Dynamic software update (DSU) enables a program to update while it is running. DSU aims to minimize the loss due to program downtime for updates. Usually DSU is done in three steps: suspending the execution of an old program, mapping the execution state from the old program to a new one, and resuming execution of the new program with the mapped state. The semantic correctness of DSU depends largely on the state mapping which is mostly composed by developers manually nowadays. However, the manual construction of a state mapping does not necessarily ensure sound and dependable state mapping. This dissertation presents a methodology to assist developers by automating the construction of a partial state mapping with a guarantee of correctness.
This dissertation includes a detailed study of DSU correctness and automatic state mapping for server programs with an established user base. At first, the dissertation presents the formal treatment of DSU correctness and the state mapping problem. Then the dissertation presents an argument that for programs with an established user base, dynamic updates must be backward compatible. The dissertation next presents a general definition of backward compatibility that specifies the allowed changes in program interaction between an old version and a new version and identified patterns of code evolution that results in backward compatible behavior. Thereafter the dissertation presents formal definitions of these patterns together with proof that any changes to programs in these patterns will result in backward compatible update. To show the applicability of the results, the dissertation presents SitBack, a program analysis tool that has an old version program and a new one as input and computes a partial state mapping under the assumption that the new version is backward compatible with the old version.

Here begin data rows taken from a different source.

(* Let $G = K_{m_1} \otimes \cdots \otimes K_{m_t}$ with $m_i \geq 3$ for all $i$. Then $\dim(G) \geq \max\{m_i - 1 : i = 1,\dots,t\}$.
   Context: $K_r$ is the complete graph on $r$ vertices. The tensor product of graphs has vertex set the Cartesian product of vertex sets, with $(a_1,\dots,a_t)$ adjacent to $(b_1,\dots,b_t)$ iff $a_ib_i$ is an edge of the $i$-th factor for every $i$. For a connected graph and an ordered set $W=\{w_1,\dots,w_k\}$ of vertices, $r(v\mid W)=(d(v,w_1),\dots,d(v,w_k))$; $W$ is resolving if distinct vertices have distinct representations; $\dim(G)$ is the minimum size of a resolving set. *)

theory Defs
  imports Main
begin

type_synonym 'a graph = "'a set \<times> ('a \<Rightarrow> 'a \<Rightarrow> bool)"

definition verts :: "'a graph \<Rightarrow> 'a set" where "verts G = fst G"
definition adj :: "'a graph \<Rightarrow> 'a \<Rightarrow> 'a \<Rightarrow> bool" where "adj G = snd G"

definition complete_graph :: "nat \<Rightarrow> nat graph" where
  "complete_graph r = ({0..<r}, \<lambda>a b. a \<noteq> b)"

definition tensor_product :: "'a graph list \<Rightarrow> 'a list graph" where
  "tensor_product Gs =
     ({xs. length xs = length Gs \<and> (\<forall>i<length Gs. xs ! i \<in> verts (Gs ! i))},
      \<lambda>xs ys. length xs = length Gs \<and> length ys = length Gs \<and>
              (\<forall>i<length Gs. adj (Gs ! i) (xs ! i) (ys ! i)))"

definition has_walk :: "'a graph \<Rightarrow> nat \<Rightarrow> 'a \<Rightarrow> 'a \<Rightarrow> bool" where
  "has_walk G n u v \<longleftrightarrow> (\<exists>p. length p = Suc n \<and> p ! 0 = u \<and> p ! n = v \<and>
      (\<forall>i\<le>n. p ! i \<in> verts G) \<and> (\<forall>i<n. adj G (p ! i) (p ! Suc i)))"

text \<open>Graph distance (length of a shortest walk); meaningful for connected graphs.\<close>
definition gdist :: "'a graph \<Rightarrow> 'a \<Rightarrow> 'a \<Rightarrow> nat" where
  "gdist G u v = (LEAST n. has_walk G n u v)"

definition connected_graph :: "'a graph \<Rightarrow> bool" where
  "connected_graph G \<longleftrightarrow> (\<forall>u\<in>verts G. \<forall>v\<in>verts G. \<exists>n. has_walk G n u v)"

text \<open>W resolves G: distinct vertices have distinct distance vectors to W.
  (Order of W is irrelevant for this property.)\<close>
definition resolving :: "'a graph \<Rightarrow> 'a set \<Rightarrow> bool" where
  "resolving G W \<longleftrightarrow> W \<subseteq> verts G \<and>
     (\<forall>u\<in>verts G. \<forall>v\<in>verts G. (\<forall>w\<in>W. gdist G u w = gdist G v w) \<longrightarrow> u = v)"

definition metric_dim :: "'a graph \<Rightarrow> nat" where
  "metric_dim G = (LEAST k. \<exists>W. finite W \<and> card W = k \<and> resolving G W)"

end

theory Submission
  imports Defs
begin

text \<open>Swapping two values a, b in one coordinate j is an involutive automorphism of
  K_{m_1} \<otimes> \<dots> \<otimes> K_{m_t}, and it preserves distances. If no vertex of W has
  j-th coordinate a or b, the swap fixes W pointwise, so it preserves every distance vector
  r(v | W); hence a resolving set W cannot miss two values of coordinate j, and the j-th
  coordinates of W already take at least m_j - 1 values. The hypothesis m_i \<ge> 3 only serves
  to make the graph connected (any two vertices have a common neighbour), so that some
  resolving set exists and dim(G) is attained.\<close>

definition involutive_automorphism :: "'a graph \<Rightarrow> ('a \<Rightarrow> 'a) \<Rightarrow> bool" where
  "involutive_automorphism G \<sigma> \<longleftrightarrow>
     (\<forall>x\<in>verts G. \<sigma> x \<in> verts G \<and> \<sigma> (\<sigma> x) = x) \<and>
     (\<forall>x\<in>verts G. \<forall>y\<in>verts G. adj G x y \<longrightarrow> adj G (\<sigma> x) (\<sigma> y))"

lemma has_walk_homomorphism:
  assumes "\<And>x. x \<in> verts G \<Longrightarrow> f x \<in> verts H"
    and "\<And>x y. x \<in> verts G \<Longrightarrow> y \<in> verts G \<Longrightarrow> adj G x y \<Longrightarrow> adj H (f x) (f y)"
    and "has_walk G n u v"
  shows "has_walk H n (f u) (f v)"
proof -
  obtain p where "length p = Suc n" "p ! 0 = u" "p ! n = v"
    "\<forall>i\<le>n. p ! i \<in> verts G" "\<forall>i<n. adj G (p ! i) (p ! Suc i)"
    using assms(3) unfolding has_walk_def by blast
  then show ?thesis
    unfolding has_walk_def using assms(1,2) by (intro exI[of _ "map f p"]) auto
qed

lemma gdist_involutive_automorphism:
  assumes \<sigma>: "involutive_automorphism G \<sigma>" and u: "u \<in> verts G" and v: "v \<in> verts G"
  shows "gdist G (\<sigma> u) (\<sigma> v) = gdist G u v"
proof -
  have walk: "has_walk G n (\<sigma> x) (\<sigma> y)" if "has_walk G n x y" for n x y
    using \<sigma> that unfolding involutive_automorphism_def
    by (auto intro: has_walk_homomorphism[where f = \<sigma>])
  have "has_walk G n (\<sigma> u) (\<sigma> v) \<longleftrightarrow> has_walk G n u v" for n
  proof
    assume "has_walk G n (\<sigma> u) (\<sigma> v)"
    with walk have "has_walk G n (\<sigma> (\<sigma> u)) (\<sigma> (\<sigma> v))" .
    then show "has_walk G n u v"
      using \<sigma> u v by (simp add: involutive_automorphism_def)
  qed (rule walk)
  then show ?thesis
    unfolding gdist_def by simp
qed

lemma resolving_involutive_automorphism_fixing_imp_fixed:
  assumes W: "resolving G W" and \<sigma>: "involutive_automorphism G \<sigma>"
    and fix_W: "\<And>w. w \<in> W \<Longrightarrow> \<sigma> w = w" and x: "x \<in> verts G"
  shows "\<sigma> x = x"
proof -
  have "gdist G (\<sigma> x) w = gdist G x w" if "w \<in> W" for w
  proof -
    have "w \<in> verts G"
      using W that by (auto simp: resolving_def)
    then show ?thesis
      using gdist_involutive_automorphism[OF \<sigma> x] fix_W[OF that] by metis
  qed
  moreover have "\<sigma> x \<in> verts G"
    using \<sigma> x by (simp add: involutive_automorphism_def)
  ultimately show ?thesis
    using W x by (auto simp: resolving_def)
qed

lemma gdist_self: "v \<in> verts G \<Longrightarrow> gdist G v v = 0"
  unfolding gdist_def has_walk_def by (rule Least_eq_0) (auto intro: exI[of _ "[v]"])

lemma gdist_eq_0_imp_eq:
  assumes "has_walk G n u v" and "gdist G u v = 0"
  shows "u = v"
proof -
  have "has_walk G (gdist G u v) u v"
    unfolding gdist_def using assms(1) by (rule LeastI)
  with assms(2) show ?thesis
    by (auto simp: has_walk_def)
qed

lemma resolving_verts:
  assumes "connected_graph G"
  shows "resolving G (verts G)"
  unfolding resolving_def
proof (intro conjI ballI impI subset_refl)
  fix u v assume u: "u \<in> verts G" and v: "v \<in> verts G"
    and "\<forall>w\<in>verts G. gdist G u w = gdist G v w"
  then have "gdist G u v = 0"
    using gdist_self by metis
  moreover obtain n where "has_walk G n u v"
    using assms u v by (auto simp: connected_graph_def)
  ultimately show "u = v"
    using gdist_eq_0_imp_eq by metis
qed

lemma metric_dim_attained:
  assumes "finite (verts G)" and "connected_graph G"
  obtains W where "finite W" "card W = metric_dim G" "resolving G W"
proof -
  have "\<exists>k W. finite W \<and> card W = k \<and> resolving G W"
    using assms resolving_verts by blast
  from LeastI_ex[OF this] show ?thesis
    using that unfolding metric_dim_def by blast
qed

lemma finite_verts_tensor_product:
  assumes "\<And>G. G \<in> set Gs \<Longrightarrow> finite (verts G)"
  shows "finite (verts (tensor_product Gs))"
proof (rule finite_subset)
  show "verts (tensor_product Gs) \<subseteq> {xs. set xs \<subseteq> (\<Union>G\<in>set Gs. verts G) \<and> length xs = length Gs}"
    by (auto simp: tensor_product_def verts_def in_set_conv_nth) (metis nth_mem)
  show "finite {xs. set xs \<subseteq> (\<Union>G\<in>set Gs. verts G) \<and> length xs = length Gs}"
    using assms by (intro finite_lists_length_eq) auto
qed

lemma verts_tensor_complete:
  "verts (tensor_product (map complete_graph ms)) =
     {xs. length xs = length ms \<and> (\<forall>i<length ms. xs ! i < ms ! i)}"
  by (simp add: tensor_product_def verts_def complete_graph_def)

lemma adj_tensor_complete:
  "adj (tensor_product (map complete_graph ms)) xs ys \<longleftrightarrow>
     length xs = length ms \<and> length ys = length ms \<and> (\<forall>i<length ms. xs ! i \<noteq> ys ! i)"
  by (simp add: tensor_product_def adj_def complete_graph_def)

lemma has_walk_2I:
  assumes "u \<in> verts G" "z \<in> verts G" "v \<in> verts G" "adj G u z" "adj G z v"
  shows "has_walk G 2 u v"
  unfolding has_walk_def
proof (intro exI[of _ "[u, z, v]"] conjI allI impI)
  fix i :: nat
  show "i \<le> 2 \<Longrightarrow> [u, z, v] ! i \<in> verts G"
    using assms by (auto simp: le_Suc_eq numeral_2_eq_2)
  show "i < 2 \<Longrightarrow> adj G ([u, z, v] ! i) ([u, z, v] ! Suc i)"
    using assms by (auto simp: less_Suc_eq numeral_2_eq_2)
qed simp_all

lemma has_walk_2_tensor_complete:
  assumes ms: "\<forall>i<length ms. 3 \<le> ms ! i"
    and u: "u \<in> verts (tensor_product (map complete_graph ms))"
    and v: "v \<in> verts (tensor_product (map complete_graph ms))"
  shows "has_walk (tensor_product (map complete_graph ms)) 2 u v"
proof -
  have "\<exists>c. c < ms ! i \<and> c \<noteq> u ! i \<and> c \<noteq> v ! i" if "i < length ms" for i
  proof -
    have "\<exists>c<3. c \<noteq> u ! i \<and> c \<noteq> v ! i"
      by presburger
    then show ?thesis
      using ms that by (meson less_le_trans)
  qed
  then obtain c where c: "\<And>i. i < length ms \<Longrightarrow> c i < ms ! i \<and> c i \<noteq> u ! i \<and> c i \<noteq> v ! i"
    by metis
  define z where "z = map c [0..<length ms]"
  have z: "z \<in> verts (tensor_product (map complete_graph ms))"
    using c by (simp add: z_def verts_tensor_complete)
  have "adj (tensor_product (map complete_graph ms)) u z"
    using u c by (auto simp: z_def verts_tensor_complete adj_tensor_complete) metis
  moreover have "adj (tensor_product (map complete_graph ms)) z v"
    using v c by (auto simp: z_def verts_tensor_complete adj_tensor_complete)
  ultimately show ?thesis
    by (rule has_walk_2I[OF u z v])
qed

lemma connected_tensor_complete:
  "\<forall>i<length ms. 3 \<le> ms ! i \<Longrightarrow> connected_graph (tensor_product (map complete_graph ms))"
  unfolding connected_graph_def using has_walk_2_tensor_complete by blast

lemma involutive_automorphism_swap_coordinate:
  assumes "j < length ms" "a < ms ! j" "b < ms ! j"
  shows "involutive_automorphism (tensor_product (map complete_graph ms))
           (\<lambda>xs. xs[j := (id(a := b, b := a)) (xs ! j)])"
  using assms
  by (auto simp: involutive_automorphism_def verts_tensor_complete adj_tensor_complete
      nth_list_update)

lemma resolving_tensor_complete_coordinate_values:
  assumes W: "resolving (tensor_product (map complete_graph ms)) W"
    and pos: "\<forall>i<length ms. 0 < ms ! i" and j: "j < length ms"
    and a: "a < ms ! j" "a \<notin> (\<lambda>w. w ! j) ` W"
    and b: "b < ms ! j" "b \<notin> (\<lambda>w. w ! j) ` W"
  shows "a = b"
proof -
  define \<sigma> where "\<sigma> = (\<lambda>xs::nat list. xs[j := (id(a := b, b := a)) (xs ! j)])"
  define x where "x = (replicate (length ms) 0)[j := a]"
  have "x \<in> verts (tensor_product (map complete_graph ms))"
    using pos j a by (auto simp: x_def verts_tensor_complete nth_list_update)
  moreover have "\<sigma> w = w" if "w \<in> W" for w
    using that a b by (auto simp: \<sigma>_def)
  ultimately have "\<sigma> x = x"
    using resolving_involutive_automorphism_fixing_imp_fixed[OF W]
      involutive_automorphism_swap_coordinate[OF j a(1) b(1)]
    unfolding \<sigma>_def by blast
  moreover have "\<sigma> x ! j = b"
    using j by (simp add: \<sigma>_def x_def)
  ultimately show ?thesis
    using j by (simp add: x_def)
qed

lemma card_resolving_tensor_complete_ge:
  assumes "finite W" and "resolving (tensor_product (map complete_graph ms)) W"
    and "\<forall>i<length ms. 0 < ms ! i" and "j < length ms"
  shows "ms ! j - 1 \<le> card W"
proof -
  define S where "S = (\<lambda>w. w ! j) ` W"
  have "card S \<le> card W"
    unfolding S_def using assms(1) by (rule card_image_le)
  moreover have "ms ! j - card S \<le> card ({0..<ms ! j} - S)"
    using diff_card_le_card_Diff[of S "{0..<ms ! j}"] assms(1) by (simp add: S_def)
  moreover have "card ({0..<ms ! j} - S) \<le> Suc 0"
    using resolving_tensor_complete_coordinate_values[OF assms(2-4)]
    by (subst card_le_Suc0_iff_eq) (auto simp: S_def)
  ultimately show ?thesis
    by linarith
qed

theorem corollary2p3:
  fixes ms :: "nat list"
  assumes "ms \<noteq> []"
    and "\<forall>i<length ms. ms ! i \<ge> 3"
  shows "metric_dim (tensor_product (map complete_graph ms))
           \<ge> Max ((\<lambda>m. m - 1) ` set ms)"
proof -
  let ?G = "tensor_product (map complete_graph ms)"
  have "finite (verts ?G)"
    by (rule finite_verts_tensor_product) (auto simp: verts_def complete_graph_def)
  then obtain W where W: "finite W" "card W = metric_dim ?G" "resolving ?G W"
    using metric_dim_attained connected_tensor_complete[OF assms(2)] by blast
  have "Max ((\<lambda>m. m - 1) ` set ms) \<in> (\<lambda>m. m - 1) ` set ms"
    using assms(1) by (intro Max_in) auto
  then obtain j where j: "j < length ms" "Max ((\<lambda>m. m - 1) ` set ms) = ms ! j - 1"
    by (auto simp: in_set_conv_nth)
  have "\<forall>i<length ms. 0 < ms ! i"
    using assms(2) by fastforce
  then show ?thesis
    using card_resolving_tensor_complete_ge[OF W(1,3) _ j(1)] W(2) j(2) by simp
qed

end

SitBack does not handle all kinds of changes and it reports to the user in incomplete part of a state mapping. The dissertation presents a detailed evaluation of SitBack which shows that the methodology of automatic state mapping is promising in deal with real world program updates. For example, SitBack produces state mappings for 17-75% of the changed functions. Furthermore, SitBack generates automatic state mapping that leads to successful DSU. In conclusion, the study presented in this dissertation does assist developers in developing state mappings for DSU by automating the construction of state mappings with a correctness guarantee, which helps the adoption of DSU ultimately.